• ASSIGNMENT: Please transcribe exactly, and only, the lines of the data below between the line holding "case (singleton a)" and the line holding "using b(2) that", inclusive.

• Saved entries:
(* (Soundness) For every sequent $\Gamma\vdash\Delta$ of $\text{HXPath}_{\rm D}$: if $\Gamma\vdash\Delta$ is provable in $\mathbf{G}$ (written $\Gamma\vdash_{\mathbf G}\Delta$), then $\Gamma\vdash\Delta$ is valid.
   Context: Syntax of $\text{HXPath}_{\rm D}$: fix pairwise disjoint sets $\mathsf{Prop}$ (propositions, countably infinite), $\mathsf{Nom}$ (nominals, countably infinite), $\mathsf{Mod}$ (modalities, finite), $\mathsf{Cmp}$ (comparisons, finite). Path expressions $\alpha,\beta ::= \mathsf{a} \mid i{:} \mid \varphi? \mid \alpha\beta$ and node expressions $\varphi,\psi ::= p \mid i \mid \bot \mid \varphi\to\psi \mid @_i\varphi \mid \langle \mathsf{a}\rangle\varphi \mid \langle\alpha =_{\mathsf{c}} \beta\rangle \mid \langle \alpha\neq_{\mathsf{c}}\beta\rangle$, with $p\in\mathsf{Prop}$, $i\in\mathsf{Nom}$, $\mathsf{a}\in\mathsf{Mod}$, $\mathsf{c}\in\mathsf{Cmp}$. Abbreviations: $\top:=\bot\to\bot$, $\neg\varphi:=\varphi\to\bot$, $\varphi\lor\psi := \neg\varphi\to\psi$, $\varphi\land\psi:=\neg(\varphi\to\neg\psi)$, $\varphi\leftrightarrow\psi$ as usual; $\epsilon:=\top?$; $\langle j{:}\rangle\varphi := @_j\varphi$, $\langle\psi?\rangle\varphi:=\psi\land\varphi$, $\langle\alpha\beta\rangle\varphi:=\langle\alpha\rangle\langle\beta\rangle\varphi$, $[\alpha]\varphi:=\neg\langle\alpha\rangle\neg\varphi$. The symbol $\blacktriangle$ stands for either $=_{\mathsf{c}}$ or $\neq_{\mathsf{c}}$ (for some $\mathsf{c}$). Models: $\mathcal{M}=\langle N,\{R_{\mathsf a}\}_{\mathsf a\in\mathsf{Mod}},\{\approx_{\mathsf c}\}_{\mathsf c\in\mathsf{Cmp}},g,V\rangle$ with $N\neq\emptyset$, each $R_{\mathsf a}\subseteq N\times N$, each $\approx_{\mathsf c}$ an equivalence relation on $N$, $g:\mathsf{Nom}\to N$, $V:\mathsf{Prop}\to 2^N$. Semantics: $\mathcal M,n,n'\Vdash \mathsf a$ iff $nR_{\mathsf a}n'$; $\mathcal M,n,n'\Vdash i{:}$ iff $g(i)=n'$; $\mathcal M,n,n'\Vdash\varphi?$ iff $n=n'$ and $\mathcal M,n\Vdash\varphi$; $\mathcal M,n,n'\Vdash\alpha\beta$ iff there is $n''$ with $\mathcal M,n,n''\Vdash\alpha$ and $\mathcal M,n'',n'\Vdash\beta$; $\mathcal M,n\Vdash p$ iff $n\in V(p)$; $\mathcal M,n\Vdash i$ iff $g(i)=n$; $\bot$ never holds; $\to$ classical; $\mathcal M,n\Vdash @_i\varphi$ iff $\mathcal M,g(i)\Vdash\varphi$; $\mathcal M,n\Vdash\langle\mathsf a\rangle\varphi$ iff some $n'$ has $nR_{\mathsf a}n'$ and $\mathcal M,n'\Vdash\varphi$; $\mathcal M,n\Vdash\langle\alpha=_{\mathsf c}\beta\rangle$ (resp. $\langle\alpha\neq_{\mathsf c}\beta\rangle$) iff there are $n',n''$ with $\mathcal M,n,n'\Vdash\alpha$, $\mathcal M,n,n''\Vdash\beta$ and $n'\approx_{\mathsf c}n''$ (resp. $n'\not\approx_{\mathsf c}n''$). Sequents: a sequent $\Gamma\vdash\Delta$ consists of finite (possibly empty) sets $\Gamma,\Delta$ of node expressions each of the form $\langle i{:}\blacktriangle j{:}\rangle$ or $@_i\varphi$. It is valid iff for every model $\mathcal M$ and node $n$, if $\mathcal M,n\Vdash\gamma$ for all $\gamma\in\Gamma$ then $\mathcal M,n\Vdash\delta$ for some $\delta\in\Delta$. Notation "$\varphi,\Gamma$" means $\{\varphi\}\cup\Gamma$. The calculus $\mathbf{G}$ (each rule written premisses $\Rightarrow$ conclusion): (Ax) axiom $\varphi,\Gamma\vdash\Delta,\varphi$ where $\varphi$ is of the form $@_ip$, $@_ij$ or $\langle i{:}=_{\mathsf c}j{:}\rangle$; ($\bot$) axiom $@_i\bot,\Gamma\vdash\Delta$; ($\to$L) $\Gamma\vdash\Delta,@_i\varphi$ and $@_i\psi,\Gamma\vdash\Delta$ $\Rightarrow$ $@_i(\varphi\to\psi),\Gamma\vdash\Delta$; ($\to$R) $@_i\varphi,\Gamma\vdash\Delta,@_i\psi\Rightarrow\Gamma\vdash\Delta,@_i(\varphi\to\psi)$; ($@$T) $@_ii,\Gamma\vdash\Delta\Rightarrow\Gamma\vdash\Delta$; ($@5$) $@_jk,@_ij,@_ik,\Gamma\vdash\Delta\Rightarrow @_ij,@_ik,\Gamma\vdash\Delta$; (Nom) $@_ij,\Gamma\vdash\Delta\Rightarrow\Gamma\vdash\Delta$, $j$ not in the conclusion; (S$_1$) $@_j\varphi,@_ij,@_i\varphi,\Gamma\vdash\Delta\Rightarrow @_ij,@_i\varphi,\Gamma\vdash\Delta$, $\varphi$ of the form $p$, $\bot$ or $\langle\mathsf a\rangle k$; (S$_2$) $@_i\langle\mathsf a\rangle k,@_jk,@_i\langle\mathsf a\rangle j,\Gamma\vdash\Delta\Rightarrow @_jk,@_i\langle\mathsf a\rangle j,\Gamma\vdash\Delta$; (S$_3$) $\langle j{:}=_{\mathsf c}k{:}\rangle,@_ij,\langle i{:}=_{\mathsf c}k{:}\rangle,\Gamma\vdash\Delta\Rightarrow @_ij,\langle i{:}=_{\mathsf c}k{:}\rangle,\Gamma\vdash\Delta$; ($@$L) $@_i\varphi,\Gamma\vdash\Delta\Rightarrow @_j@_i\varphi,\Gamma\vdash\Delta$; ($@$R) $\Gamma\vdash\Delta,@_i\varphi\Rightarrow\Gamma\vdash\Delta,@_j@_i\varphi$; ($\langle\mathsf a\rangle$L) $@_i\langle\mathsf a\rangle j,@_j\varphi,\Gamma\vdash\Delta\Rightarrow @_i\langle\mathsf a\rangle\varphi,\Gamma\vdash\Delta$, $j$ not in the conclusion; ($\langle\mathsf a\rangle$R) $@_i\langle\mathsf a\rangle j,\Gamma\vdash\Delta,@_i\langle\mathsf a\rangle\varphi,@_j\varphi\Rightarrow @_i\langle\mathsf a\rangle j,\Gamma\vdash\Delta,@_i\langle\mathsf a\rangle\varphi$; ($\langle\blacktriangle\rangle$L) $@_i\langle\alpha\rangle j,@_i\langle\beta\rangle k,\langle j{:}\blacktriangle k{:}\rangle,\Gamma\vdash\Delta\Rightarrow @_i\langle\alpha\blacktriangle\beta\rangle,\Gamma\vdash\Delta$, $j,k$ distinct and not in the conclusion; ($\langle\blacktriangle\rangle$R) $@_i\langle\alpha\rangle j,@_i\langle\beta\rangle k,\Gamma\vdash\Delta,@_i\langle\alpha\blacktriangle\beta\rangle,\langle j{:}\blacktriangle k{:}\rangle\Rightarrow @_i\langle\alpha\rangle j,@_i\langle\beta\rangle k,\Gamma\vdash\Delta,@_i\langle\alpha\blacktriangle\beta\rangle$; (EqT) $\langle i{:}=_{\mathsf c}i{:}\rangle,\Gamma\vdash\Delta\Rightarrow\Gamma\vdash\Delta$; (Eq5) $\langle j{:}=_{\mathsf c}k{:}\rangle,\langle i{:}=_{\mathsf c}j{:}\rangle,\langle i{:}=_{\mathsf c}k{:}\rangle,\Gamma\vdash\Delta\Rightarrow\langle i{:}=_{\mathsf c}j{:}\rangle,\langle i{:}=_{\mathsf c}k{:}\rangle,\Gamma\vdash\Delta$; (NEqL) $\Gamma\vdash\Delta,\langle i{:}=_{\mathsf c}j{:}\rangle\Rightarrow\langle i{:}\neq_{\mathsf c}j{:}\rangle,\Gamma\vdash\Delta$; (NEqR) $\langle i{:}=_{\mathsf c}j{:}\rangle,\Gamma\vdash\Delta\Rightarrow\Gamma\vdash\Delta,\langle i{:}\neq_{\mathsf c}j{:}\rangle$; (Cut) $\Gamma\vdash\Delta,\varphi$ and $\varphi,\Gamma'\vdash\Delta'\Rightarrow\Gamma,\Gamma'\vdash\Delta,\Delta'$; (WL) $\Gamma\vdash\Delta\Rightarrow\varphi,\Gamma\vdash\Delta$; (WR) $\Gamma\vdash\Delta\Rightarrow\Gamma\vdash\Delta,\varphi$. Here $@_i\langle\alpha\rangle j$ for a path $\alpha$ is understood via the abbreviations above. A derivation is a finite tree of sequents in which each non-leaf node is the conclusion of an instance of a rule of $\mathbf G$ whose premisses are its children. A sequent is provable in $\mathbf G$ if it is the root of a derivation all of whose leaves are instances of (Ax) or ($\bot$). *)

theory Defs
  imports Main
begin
---
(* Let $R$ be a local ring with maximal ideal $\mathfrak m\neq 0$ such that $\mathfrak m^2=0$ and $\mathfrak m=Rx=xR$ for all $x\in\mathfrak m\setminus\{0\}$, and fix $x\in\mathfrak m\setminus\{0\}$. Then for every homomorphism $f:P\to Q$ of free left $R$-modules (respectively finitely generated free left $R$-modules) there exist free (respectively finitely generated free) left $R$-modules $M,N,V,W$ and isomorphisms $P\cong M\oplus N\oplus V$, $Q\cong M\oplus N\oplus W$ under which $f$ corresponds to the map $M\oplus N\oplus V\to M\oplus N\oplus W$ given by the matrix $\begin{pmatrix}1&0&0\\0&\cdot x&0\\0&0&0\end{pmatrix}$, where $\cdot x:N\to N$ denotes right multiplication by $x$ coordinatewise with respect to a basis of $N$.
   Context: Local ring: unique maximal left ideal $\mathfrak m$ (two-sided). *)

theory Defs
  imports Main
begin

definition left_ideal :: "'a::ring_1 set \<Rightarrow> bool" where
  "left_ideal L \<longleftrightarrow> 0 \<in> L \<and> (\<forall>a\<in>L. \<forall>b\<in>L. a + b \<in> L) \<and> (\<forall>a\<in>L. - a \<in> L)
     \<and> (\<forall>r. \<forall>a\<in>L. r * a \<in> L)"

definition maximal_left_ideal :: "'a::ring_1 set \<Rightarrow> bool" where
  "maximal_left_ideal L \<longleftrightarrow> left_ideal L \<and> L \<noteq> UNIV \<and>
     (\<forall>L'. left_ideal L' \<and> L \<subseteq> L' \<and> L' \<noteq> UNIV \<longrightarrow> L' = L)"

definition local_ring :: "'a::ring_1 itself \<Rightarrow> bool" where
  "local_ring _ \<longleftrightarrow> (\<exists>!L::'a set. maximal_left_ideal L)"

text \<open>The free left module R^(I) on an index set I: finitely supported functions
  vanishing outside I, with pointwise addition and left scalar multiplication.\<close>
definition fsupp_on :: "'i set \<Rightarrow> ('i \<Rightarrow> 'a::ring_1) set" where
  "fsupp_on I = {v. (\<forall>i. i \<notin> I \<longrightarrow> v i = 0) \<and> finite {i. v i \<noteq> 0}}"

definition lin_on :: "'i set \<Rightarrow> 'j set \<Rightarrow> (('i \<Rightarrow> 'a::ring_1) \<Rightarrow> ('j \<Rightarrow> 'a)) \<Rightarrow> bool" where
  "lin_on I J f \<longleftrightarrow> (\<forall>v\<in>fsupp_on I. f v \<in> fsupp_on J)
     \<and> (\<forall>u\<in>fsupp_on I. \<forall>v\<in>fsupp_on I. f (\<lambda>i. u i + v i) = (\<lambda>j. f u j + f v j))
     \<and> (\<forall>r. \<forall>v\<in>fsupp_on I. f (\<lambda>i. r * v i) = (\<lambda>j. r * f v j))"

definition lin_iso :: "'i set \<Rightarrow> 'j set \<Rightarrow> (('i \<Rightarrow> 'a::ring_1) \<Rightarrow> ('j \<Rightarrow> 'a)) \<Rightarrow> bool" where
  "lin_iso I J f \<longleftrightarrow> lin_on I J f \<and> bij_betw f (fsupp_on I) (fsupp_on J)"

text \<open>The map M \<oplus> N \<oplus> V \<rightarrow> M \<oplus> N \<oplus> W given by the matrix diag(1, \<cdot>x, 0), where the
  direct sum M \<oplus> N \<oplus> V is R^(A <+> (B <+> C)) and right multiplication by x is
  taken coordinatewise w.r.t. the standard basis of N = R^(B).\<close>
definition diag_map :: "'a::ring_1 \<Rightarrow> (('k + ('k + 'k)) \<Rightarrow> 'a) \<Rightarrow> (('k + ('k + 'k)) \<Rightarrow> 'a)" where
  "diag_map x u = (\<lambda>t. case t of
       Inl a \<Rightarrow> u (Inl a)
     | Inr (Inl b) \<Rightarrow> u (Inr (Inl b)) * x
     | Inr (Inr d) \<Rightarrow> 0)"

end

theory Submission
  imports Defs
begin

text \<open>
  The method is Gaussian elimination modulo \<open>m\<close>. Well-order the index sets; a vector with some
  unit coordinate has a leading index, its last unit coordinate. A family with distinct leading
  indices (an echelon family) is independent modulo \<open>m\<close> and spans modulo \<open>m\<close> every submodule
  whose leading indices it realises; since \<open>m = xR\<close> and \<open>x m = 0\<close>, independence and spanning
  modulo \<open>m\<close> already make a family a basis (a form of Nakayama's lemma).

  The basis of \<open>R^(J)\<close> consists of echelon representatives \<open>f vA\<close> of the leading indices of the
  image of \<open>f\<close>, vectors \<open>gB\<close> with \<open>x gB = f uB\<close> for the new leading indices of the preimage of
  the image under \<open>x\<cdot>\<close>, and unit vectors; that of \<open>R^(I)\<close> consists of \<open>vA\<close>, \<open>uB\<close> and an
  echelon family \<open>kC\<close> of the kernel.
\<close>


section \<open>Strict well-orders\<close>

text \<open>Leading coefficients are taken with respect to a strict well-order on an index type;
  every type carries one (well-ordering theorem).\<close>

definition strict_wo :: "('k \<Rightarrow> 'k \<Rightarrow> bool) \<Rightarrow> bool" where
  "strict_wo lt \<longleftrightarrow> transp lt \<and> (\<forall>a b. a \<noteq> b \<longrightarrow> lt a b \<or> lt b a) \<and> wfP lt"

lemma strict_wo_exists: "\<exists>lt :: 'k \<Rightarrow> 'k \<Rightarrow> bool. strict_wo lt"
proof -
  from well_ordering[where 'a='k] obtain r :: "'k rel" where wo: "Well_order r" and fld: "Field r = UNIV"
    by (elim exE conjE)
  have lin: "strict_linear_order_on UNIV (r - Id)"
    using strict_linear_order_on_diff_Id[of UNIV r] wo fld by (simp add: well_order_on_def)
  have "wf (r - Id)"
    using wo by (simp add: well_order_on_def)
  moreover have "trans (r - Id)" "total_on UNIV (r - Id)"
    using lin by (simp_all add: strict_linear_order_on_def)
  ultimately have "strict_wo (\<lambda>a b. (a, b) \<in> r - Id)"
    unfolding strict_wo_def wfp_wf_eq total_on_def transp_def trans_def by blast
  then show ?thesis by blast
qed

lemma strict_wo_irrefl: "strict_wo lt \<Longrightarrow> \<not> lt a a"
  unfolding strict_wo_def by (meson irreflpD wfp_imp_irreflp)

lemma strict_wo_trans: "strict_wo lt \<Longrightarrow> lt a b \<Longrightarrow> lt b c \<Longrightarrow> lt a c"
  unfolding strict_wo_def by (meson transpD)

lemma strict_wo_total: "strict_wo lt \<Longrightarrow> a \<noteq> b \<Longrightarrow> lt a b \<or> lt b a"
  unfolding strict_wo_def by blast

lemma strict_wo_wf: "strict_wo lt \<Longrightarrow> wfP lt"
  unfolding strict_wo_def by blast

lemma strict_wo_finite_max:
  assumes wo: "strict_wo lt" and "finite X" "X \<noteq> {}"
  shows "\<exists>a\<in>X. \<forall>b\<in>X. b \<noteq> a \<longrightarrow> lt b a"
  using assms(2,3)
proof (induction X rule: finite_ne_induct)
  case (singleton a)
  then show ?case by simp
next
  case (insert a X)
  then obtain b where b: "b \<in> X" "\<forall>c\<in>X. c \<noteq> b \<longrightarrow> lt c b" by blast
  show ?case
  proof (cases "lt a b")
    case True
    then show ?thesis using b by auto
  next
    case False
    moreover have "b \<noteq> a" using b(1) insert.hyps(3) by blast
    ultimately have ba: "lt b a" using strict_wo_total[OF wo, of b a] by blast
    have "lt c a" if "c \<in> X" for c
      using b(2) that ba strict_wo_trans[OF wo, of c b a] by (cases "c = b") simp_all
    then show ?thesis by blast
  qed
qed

• REPLY:
  case (singleton a)
  then show ?case by simp
next
  case (insert a X)
  then obtain b where b: "b \<in> X" "\<forall>c\<in>X. c \<noteq> b \<longrightarrow> lt c b" by blast
  show ?case
  proof (cases "lt a b")
    case True
    then show ?thesis using b by auto
  next
    case False
    moreover have "b \<noteq> a" using b(1) insert.hyps(3) by blast
    ultimately have ba: "lt b a" using strict_wo_total[OF wo, of b a] by blast
    have "lt c a" if "c \<in> X" for c
      using b(2) that ba strict_wo_trans[OF wo, of c b a] by (cases "c = b") simp_all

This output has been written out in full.